- [Supplied data]
....

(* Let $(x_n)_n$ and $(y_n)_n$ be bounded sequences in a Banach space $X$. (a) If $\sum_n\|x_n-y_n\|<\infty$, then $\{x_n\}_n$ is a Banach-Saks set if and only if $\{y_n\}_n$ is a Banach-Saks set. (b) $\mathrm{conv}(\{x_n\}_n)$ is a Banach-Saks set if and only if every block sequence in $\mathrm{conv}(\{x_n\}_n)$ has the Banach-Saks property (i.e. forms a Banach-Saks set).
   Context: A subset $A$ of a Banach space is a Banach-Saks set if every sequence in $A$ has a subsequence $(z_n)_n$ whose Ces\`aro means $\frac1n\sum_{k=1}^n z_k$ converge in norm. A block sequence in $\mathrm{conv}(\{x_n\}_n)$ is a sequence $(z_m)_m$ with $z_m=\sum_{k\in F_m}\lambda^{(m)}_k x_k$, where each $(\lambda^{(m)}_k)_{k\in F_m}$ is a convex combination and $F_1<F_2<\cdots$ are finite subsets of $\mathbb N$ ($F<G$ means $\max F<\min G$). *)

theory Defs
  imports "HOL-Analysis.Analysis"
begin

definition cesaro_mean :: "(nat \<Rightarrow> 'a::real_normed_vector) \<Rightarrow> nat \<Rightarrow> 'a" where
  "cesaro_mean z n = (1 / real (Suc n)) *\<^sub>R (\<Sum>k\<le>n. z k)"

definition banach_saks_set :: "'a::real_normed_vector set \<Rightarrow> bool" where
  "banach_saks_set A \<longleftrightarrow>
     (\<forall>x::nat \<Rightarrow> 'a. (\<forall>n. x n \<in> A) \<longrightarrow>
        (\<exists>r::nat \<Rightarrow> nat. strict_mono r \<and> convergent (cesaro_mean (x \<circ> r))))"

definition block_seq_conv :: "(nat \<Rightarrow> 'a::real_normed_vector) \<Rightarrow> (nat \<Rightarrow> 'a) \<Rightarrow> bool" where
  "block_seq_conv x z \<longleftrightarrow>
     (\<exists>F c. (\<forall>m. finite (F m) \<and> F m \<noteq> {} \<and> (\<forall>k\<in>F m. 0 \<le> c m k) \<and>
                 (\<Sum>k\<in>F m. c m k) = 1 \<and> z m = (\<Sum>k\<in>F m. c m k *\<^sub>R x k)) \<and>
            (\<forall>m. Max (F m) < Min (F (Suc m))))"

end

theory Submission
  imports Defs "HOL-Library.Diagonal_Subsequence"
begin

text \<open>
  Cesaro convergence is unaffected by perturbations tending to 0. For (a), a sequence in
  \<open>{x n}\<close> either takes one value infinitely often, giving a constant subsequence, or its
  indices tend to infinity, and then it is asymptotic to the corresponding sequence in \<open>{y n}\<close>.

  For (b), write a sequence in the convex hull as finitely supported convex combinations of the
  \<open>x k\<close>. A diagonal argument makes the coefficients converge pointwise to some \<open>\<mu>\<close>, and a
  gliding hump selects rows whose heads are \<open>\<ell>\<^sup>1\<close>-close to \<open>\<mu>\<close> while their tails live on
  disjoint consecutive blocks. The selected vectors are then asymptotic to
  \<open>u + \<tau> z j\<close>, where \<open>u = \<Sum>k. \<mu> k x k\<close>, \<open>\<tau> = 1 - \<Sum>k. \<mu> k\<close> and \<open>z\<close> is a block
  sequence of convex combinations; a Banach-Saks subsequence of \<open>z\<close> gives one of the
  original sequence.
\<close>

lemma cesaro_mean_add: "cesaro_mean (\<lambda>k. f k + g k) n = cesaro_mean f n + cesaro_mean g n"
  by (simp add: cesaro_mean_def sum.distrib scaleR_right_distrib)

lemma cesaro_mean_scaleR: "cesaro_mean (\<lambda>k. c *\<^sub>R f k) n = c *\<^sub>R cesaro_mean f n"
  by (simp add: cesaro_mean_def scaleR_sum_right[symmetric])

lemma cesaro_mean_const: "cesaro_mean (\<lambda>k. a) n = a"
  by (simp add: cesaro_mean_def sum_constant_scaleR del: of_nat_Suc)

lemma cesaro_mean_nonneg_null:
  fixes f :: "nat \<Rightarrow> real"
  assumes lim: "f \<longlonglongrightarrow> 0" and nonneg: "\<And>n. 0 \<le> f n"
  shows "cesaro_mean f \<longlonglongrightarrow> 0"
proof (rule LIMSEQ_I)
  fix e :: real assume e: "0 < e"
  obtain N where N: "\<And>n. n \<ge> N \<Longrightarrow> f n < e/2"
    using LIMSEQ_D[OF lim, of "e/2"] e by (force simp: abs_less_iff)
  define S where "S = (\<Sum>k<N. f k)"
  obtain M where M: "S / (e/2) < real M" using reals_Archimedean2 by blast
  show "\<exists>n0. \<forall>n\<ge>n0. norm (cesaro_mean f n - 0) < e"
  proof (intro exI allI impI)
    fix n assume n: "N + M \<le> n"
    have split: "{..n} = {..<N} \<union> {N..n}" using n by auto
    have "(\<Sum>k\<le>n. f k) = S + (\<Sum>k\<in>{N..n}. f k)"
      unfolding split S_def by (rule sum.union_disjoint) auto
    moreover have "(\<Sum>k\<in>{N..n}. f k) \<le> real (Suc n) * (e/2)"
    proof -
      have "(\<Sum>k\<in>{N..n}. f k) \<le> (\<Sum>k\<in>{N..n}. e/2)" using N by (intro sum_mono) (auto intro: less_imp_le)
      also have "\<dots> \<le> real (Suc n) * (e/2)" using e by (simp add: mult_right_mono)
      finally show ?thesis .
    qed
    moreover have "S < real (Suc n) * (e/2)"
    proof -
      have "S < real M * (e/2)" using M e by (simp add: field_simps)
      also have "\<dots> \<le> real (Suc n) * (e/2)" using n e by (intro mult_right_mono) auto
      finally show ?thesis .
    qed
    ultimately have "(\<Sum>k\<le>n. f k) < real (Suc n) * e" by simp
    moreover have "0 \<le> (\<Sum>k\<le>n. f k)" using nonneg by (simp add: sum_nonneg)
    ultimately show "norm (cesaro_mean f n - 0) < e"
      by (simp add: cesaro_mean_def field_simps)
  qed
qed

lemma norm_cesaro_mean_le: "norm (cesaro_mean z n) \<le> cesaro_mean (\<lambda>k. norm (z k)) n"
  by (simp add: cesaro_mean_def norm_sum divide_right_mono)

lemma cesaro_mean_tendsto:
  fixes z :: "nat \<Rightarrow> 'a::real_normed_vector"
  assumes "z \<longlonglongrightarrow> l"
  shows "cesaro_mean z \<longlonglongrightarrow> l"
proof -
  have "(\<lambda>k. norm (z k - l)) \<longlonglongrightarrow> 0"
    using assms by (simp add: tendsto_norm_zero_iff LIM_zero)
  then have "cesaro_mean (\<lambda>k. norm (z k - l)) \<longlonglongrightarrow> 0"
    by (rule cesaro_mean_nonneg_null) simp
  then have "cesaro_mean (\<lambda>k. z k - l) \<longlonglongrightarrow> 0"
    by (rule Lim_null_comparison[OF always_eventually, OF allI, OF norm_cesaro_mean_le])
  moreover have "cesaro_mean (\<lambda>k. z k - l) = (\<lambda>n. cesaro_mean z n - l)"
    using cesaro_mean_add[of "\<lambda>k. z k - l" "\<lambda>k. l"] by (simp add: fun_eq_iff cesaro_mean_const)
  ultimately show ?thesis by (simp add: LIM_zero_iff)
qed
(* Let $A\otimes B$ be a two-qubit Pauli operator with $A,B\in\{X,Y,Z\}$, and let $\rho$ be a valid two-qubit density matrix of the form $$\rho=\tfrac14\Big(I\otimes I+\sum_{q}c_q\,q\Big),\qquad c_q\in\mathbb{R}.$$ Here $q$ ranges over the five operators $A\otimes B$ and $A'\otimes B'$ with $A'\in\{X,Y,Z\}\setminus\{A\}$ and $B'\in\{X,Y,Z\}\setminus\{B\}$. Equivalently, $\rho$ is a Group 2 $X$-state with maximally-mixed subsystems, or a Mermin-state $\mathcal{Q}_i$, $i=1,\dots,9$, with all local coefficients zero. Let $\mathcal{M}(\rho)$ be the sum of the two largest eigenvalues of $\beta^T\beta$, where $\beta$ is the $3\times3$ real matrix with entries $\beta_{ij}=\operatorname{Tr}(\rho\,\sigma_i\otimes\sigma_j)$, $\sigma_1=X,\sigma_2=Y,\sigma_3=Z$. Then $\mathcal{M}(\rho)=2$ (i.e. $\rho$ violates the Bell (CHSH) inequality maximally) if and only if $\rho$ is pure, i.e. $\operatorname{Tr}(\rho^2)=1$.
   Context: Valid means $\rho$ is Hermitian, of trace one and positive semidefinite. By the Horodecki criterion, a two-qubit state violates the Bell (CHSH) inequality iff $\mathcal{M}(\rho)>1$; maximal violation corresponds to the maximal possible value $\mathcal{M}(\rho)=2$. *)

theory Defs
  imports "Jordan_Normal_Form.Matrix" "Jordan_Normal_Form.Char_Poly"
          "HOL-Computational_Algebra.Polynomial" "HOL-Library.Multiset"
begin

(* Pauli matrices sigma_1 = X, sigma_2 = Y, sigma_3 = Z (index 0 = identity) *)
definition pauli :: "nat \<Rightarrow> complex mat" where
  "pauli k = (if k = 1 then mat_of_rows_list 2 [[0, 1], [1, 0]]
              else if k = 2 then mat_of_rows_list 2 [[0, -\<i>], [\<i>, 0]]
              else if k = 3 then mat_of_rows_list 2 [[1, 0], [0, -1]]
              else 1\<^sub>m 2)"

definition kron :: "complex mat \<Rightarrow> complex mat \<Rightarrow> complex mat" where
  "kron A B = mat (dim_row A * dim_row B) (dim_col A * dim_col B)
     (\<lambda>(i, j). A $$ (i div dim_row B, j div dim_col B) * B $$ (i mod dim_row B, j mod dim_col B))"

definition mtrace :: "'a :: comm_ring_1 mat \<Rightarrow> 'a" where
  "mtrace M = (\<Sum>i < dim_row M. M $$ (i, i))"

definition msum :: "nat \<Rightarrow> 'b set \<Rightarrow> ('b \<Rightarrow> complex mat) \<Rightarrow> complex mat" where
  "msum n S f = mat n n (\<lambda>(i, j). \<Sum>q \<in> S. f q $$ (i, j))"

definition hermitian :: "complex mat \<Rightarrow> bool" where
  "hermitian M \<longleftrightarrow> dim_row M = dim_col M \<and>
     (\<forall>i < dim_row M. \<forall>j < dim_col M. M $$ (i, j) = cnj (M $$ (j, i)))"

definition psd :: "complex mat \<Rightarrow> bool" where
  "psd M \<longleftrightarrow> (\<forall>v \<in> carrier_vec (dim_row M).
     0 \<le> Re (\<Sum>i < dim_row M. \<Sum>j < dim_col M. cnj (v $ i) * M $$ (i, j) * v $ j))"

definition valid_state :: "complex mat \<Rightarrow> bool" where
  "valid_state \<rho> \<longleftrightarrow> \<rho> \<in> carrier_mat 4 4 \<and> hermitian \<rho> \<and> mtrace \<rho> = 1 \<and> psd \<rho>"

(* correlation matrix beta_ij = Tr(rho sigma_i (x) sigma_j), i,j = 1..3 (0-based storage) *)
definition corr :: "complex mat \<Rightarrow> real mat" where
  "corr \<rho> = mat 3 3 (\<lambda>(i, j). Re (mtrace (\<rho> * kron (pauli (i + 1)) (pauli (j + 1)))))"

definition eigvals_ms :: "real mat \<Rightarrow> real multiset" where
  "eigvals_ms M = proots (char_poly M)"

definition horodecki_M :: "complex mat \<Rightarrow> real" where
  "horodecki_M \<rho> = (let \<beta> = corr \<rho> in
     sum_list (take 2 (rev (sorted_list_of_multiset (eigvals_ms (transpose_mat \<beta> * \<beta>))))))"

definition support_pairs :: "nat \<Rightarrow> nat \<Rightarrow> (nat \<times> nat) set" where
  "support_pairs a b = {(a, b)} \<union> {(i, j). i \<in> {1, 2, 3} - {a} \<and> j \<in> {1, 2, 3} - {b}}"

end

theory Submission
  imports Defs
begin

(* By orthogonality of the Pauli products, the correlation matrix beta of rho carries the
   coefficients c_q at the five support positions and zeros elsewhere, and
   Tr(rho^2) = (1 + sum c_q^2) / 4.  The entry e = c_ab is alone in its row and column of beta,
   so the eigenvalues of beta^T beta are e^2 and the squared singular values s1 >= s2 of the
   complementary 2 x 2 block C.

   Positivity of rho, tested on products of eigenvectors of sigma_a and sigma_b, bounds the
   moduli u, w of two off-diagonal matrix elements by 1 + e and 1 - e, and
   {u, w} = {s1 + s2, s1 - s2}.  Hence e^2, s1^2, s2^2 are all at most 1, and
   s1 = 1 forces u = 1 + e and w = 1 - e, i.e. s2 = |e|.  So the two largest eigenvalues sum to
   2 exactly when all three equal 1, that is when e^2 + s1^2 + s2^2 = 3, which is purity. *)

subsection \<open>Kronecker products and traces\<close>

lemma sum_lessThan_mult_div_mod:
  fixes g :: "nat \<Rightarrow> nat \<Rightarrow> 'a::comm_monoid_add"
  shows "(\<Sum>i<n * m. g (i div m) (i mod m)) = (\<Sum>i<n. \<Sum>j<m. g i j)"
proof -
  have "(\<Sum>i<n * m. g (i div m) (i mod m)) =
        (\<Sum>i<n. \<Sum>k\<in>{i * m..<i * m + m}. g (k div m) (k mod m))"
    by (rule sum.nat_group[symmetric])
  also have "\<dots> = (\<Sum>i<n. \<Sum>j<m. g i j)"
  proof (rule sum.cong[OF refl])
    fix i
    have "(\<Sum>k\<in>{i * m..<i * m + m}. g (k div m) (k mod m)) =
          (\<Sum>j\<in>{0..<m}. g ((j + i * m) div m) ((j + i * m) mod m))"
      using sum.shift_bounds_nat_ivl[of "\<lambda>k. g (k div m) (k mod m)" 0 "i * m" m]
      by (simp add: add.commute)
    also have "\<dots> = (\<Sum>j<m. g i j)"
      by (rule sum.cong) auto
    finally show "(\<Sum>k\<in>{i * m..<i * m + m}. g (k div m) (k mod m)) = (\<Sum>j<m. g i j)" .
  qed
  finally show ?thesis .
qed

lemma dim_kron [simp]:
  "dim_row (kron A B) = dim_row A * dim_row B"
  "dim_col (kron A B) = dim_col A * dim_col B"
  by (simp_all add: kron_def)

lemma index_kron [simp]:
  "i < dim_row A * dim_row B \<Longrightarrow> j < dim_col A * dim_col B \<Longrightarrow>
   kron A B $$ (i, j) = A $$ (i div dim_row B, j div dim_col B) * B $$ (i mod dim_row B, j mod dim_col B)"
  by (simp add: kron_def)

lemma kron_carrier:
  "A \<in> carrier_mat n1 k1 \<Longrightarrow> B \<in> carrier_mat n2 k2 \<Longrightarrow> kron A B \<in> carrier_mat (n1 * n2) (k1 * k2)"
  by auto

....

- [Prompt]
The lines above from the one containing "n (\<lambda>(i, j)." through the one containing "(\<forall>i < dim_row" are to be set down exactly, and no others.

- [Exercise output]
  "msum n S f = mat n n (\<lambda>(i, j). \<Sum>q \<in> S. f q $$ (i, j))"

definition hermitian :: "complex mat \<Rightarrow> bool" where
  "hermitian M \<longleftrightarrow> dim_row M = dim_col M \<and>
     (\<forall>i < dim_row M. \<forall>j < dim_col M. M $$ (i, j) = cnj (M $$ (j, i)))"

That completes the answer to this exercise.